Tuesday, January 18, 2011

flashback.. circa 2005


January 18th, 2011
I woke up this morning with the most peaceful image.. with this second baby on the way.. and trying to embrace the changes of being a mama of two.. I have been thinking back to the beginning of the relationship a lot.. I know that it will never go back there.. but I have been thinking about things we used to do.. 

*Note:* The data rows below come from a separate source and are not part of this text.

lemma hadd_left_cancel:
  assumes f: "f \<in> Hom X A B" and g: "g \<in> Hom X A B" and h: "h \<in> Hom X A B"
    and eq: "f \<^bold>+ g = f \<^bold>+ h"
  shows "g = h"
proof -
  have neg_f: "hneg X f \<in> Hom X A B"
    using f by (rule hneg_closed)
  have cancel: "hneg X f \<^bold>+ (f \<^bold>+ k) = k" if k: "k \<in> Hom X A B" for k
  proof -
    have "hneg X f \<^bold>+ (f \<^bold>+ k) = (f \<^bold>- f) \<^bold>+ k"
      using hadd_assoc[OF neg_f f k] hadd_commute[OF f neg_f] by simp
    also have "\<dots> = k"
      using hadd_hneg_right[OF f] hadd_zero_left[OF k] by simp
    finally show ?thesis .
  qed
  show ?thesis
    using cancel[OF g] cancel[OF h] eq by metis
qed

lemma eq_zero_if_hadd_self: "x \<in> Hom X A B \<Longrightarrow> x \<^bold>+ x = x \<Longrightarrow> x = hzero X A B"
  using hadd_left_cancel zero_closed hadd_zero_right hom_obj by metis

lemma hneg_unique: "f \<in> Hom X A B \<Longrightarrow> g \<in> Hom X A B \<Longrightarrow> f \<^bold>+ g = hzero X A B \<Longrightarrow> g = hneg X f"
  using hadd_left_cancel hneg_closed hadd_hneg_right by metis

lemma hneg_zero: "A \<in> Ob X \<Longrightarrow> B \<in> Ob X \<Longrightarrow> hneg X (hzero X A B) = hzero X A B"
  using hneg_unique zero_closed hadd_zero_right by metis

lemma cmp_zero_right:
  assumes h: "h \<in> Hom X B C" and A: "A \<in> Ob X"
  shows "h \<cdot> hzero X A B = hzero X A C"
proof -
  have z: "hzero X A B \<in> Hom X A B"
    using A h hom_obj zero_closed by blast
  show ?thesis
    using eq_zero_if_hadd_self[OF cmp_closed[OF z h]]
      cmp_hadd_right[OF z z h] hadd_zero_right[OF z] by simp
qed

lemma cmp_zero_left:
  assumes h: "h \<in> Hom X A B" and C: "C \<in> Ob X"
  shows "hzero X B C \<cdot> h = hzero X A C"
proof -
  have z: "hzero X B C \<in> Hom X B C"
    using C h hom_obj zero_closed by blast
  show ?thesis
    using eq_zero_if_hadd_self[OF cmp_closed[OF h z]]
      cmp_hadd_left[OF h z z] hadd_zero_right[OF z] by simp
qed

lemma dag_zero:
  assumes "A \<in> Ob X" "B \<in> Ob X"
  shows "(hzero X A B)\<^sup>\<dagger> = hzero X B A"
proof -
  have z: "hzero X A B \<in> Hom X A B"
    using assms by (rule zero_closed)
  show ?thesis
    using eq_zero_if_hadd_self[OF dag_closed[OF z]] dag_hadd[OF z z] hadd_zero_right[OF z] by simp
qed

lemma cmp_hneg_right:
  assumes f: "f \<in> Hom X A B" and h: "h \<in> Hom X B C"
  shows "h \<cdot> hneg X f = hneg X (h \<cdot> f)"
proof (rule hneg_unique)
  show "h \<cdot> f \<^bold>+ h \<cdot> hneg X f = hzero X A C"
    using cmp_hadd_right[OF f hneg_closed[OF f] h] hadd_hneg_right[OF f] cmp_zero_right[OF h]
      hom_obj[OF f] by simp
qed (use f h cmp_closed hneg_closed in blast)+

lemma cmp_hneg_left:
  assumes f: "f \<in> Hom X A B" and h: "h \<in> Hom X B C"
  shows "hneg X h \<cdot> f = hneg X (h \<cdot> f)"
proof (rule hneg_unique)
  show "h \<cdot> f \<^bold>+ hneg X h \<cdot> f = hzero X A C"
    using cmp_hadd_left[OF f h hneg_closed[OF h]] hadd_hneg_right[OF h] cmp_zero_left[OF f]
      hom_obj[OF h] by simp
qed (use f h cmp_closed hneg_closed in blast)+

lemma dag_hneg:
  assumes f: "f \<in> Hom X A B"
  shows "(hneg X f)\<^sup>\<dagger> = hneg X f\<^sup>\<dagger>"
proof (rule hneg_unique)
  show "f\<^sup>\<dagger> \<^bold>+ (hneg X f)\<^sup>\<dagger> = hzero X B A"
    using dag_hadd[OF f hneg_closed[OF f]] hadd_hneg_right[OF f] dag_zero hom_obj[OF f] by simp
qed (use f dag_closed hneg_closed in blast)+

lemma row_closed:
  assumes "f \<in> Hom X B E" "g \<in> Hom X C E"
  shows "row X B C f g \<in> Hom X (bprod X B C) E"
  unfolding row_def using assms biproduct(1,2) hom_obj cmp_closed hadd_closed by meson

lemma row_cmp:
  assumes f: "f \<in> Hom X B E" and g: "g \<in> Hom X C E" and h: "h \<in> Hom X A (bprod X B C)"
  shows "row X B C f g \<cdot> h = f \<cdot> prj1 X B C \<cdot> h \<^bold>+ g \<cdot> prj2 X B C \<cdot> h"
proof -
  have "B \<in> Ob X" and "C \<in> Ob X"
    using f g hom_obj by blast+
  then have p1: "prj1 X B C \<in> Hom X (bprod X B C) B" and p2: "prj2 X B C \<in> Hom X (bprod X B C) C"
    by (rule biproduct)+
  show ?thesis
    unfolding row_def
    using cmp_hadd_left[OF h cmp_closed[OF p1 f] cmp_closed[OF p2 g]]
      cmp_assoc[OF h p1 f] cmp_assoc[OF h p2 g] by simp
qed

lemma row_inj1:
  assumes f: "f \<in> Hom X B E" and g: "g \<in> Hom X C E"
  shows "row X B C f g \<cdot> inj1 X B C = f"
proof -
  have B: "B \<in> Ob X" and C: "C \<in> Ob X"
    using f g hom_obj by blast+
  show ?thesis
    using row_cmp[OF f g biproduct(3)[OF B C]] biproduct[OF B C]
      cmp_id_right[OF f] cmp_zero_right[OF g B] hadd_zero_right[OF f] by simp
qed

lemma row_inj2:
  assumes f: "f \<in> Hom X B E" and g: "g \<in> Hom X C E"
  shows "row X B C f g \<cdot> inj2 X B C = g"
proof -
  have B: "B \<in> Ob X" and C: "C \<in> Ob X"
    using f g hom_obj by blast+
  show ?thesis
    using row_cmp[OF f g biproduct(4)[OF B C]] biproduct[OF B C]
      cmp_id_right[OF g] cmp_zero_right[OF f C] hadd_zero_left[OF g] by simp
qed

lemma gram_entry:
  assumes R: "R \<in> Hom X E D" and i: "i \<in> Hom X B E" and j: "j \<in> Hom X C E"
  shows "i\<^sup>\<dagger> \<cdot> (R\<^sup>\<dagger> \<cdot> R) \<cdot> j = (R \<cdot> i)\<^sup>\<dagger> \<cdot> (R \<cdot> j)"
  using cmp_assoc[OF j R dag_closed[OF R]] cmp_assoc[OF cmp_closed[OF j R] dag_closed[OF R] dag_closed[OF i]]
    dag_cmp[OF i R] by simp

lemma gram_row_entries:
  assumes f: "f \<in> Hom X B D" and g: "g \<in> Hom X C D"
  defines "P \<equiv> (row X B C f g)\<^sup>\<dagger> \<cdot> row X B C f g"
  shows "prj1 X B C \<cdot> P \<cdot> inj1 X B C = f\<^sup>\<dagger> \<cdot> f"
    and "prj1 X B C \<cdot> P \<cdot> inj2 X B C = f\<^sup>\<dagger> \<cdot> g"
    and "prj2 X B C \<cdot> P \<cdot> inj2 X B C = g\<^sup>\<dagger> \<cdot> g"
proof -
  have B: "B \<in> Ob X" and C: "C \<in> Ob X"
    using f g hom_obj by blast+
  note entry = gram_entry[OF row_closed[OF f g], folded P_def]
  note inj = biproduct(3,4)[OF B C]
  show "prj1 X B C \<cdot> P \<cdot> inj1 X B C = f\<^sup>\<dagger> \<cdot> f"
    using entry[OF inj(1) inj(1)] dag_inj[OF B C] row_inj1[OF f g] by simp
  show "prj1 X B C \<cdot> P \<cdot> inj2 X B C = f\<^sup>\<dagger> \<cdot> g"
    using entry[OF inj(1) inj(2)] dag_inj[OF B C] row_inj1[OF f g] row_inj2[OF f g] by simp
  show "prj2 X B C \<cdot> P \<cdot> inj2 X B C = g\<^sup>\<dagger> \<cdot> g"
    using entry[OF inj(2) inj(2)] dag_inj[OF B C] row_inj2[OF f g] by simp
qed

lemma mp13_inverse_dagger_projection:
  assumes f: "f \<in> Hom X A B" and "mp13_inverse X A B f g"
  shows "dagger_projection X B (f \<cdot> g)" and "(f \<cdot> g) \<cdot> f = f"
proof -
  have g: "g \<in> Hom X B A" and fgf: "f \<cdot> g \<cdot> f = f" and sa: "(f \<cdot> g)\<^sup>\<dagger> = f \<cdot> g"
    using assms(2) unfolding mp13_inverse_def by blast+
  show "(f \<cdot> g) \<cdot> f = f"
    using fgf cmp_assoc[OF f g f] by simp
  then have "(f \<cdot> g) \<cdot> (f \<cdot> g) = f \<cdot> g"
    using cmp_assoc[OF g f cmp_closed[OF g f]] by simp
  with sa show "dagger_projection X B (f \<cdot> g)"
    unfolding dagger_projection_def using cmp_closed[OF g f] by blast
qed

and the first image in my head was of me and Dust scurrying across the street in Belletown.. him holding my hand. it was just becoming evening.. and the sky was a dark blue.. we were not safely crossing the street to get to the restaurant on the other side.. we were rushing over.. avoiding traffic.. jaywalking.. and it was almost whimsical.. which is how most first events are after getting back together after a 5 month hiatus.. hair flowing so movie-like that you almost swear it was long and covered in sparkles.. he had been living in Seattle for a while.. and this was my first visit down.. and i remember being so nervous.. and was I making the right decision.. and I had never been to Seattle before.. but it all felt so right.. and it felt like I had lived here my whole life.. I remember just knowing my way around the city.. I will never forget the first restaurant we ate at.. Black Bottle.. dark.. candles.. tapas bar.. big glasses of red wine.. in other words.. romantic.. I remember those feelings when everything was magical.. looking at each other.. brushing against one another.. sharing food.. my heart strings were locked in place.. you cant even remember who or what was around you.. because nothing mattered.. it was just the two of us.. sitting there.. re connecting.. I never got tired.. I could stay up for hours talking.. life was carefree.. sixty dollar bottles of wine were always ordered.. life was thoroughly enjoyed.. 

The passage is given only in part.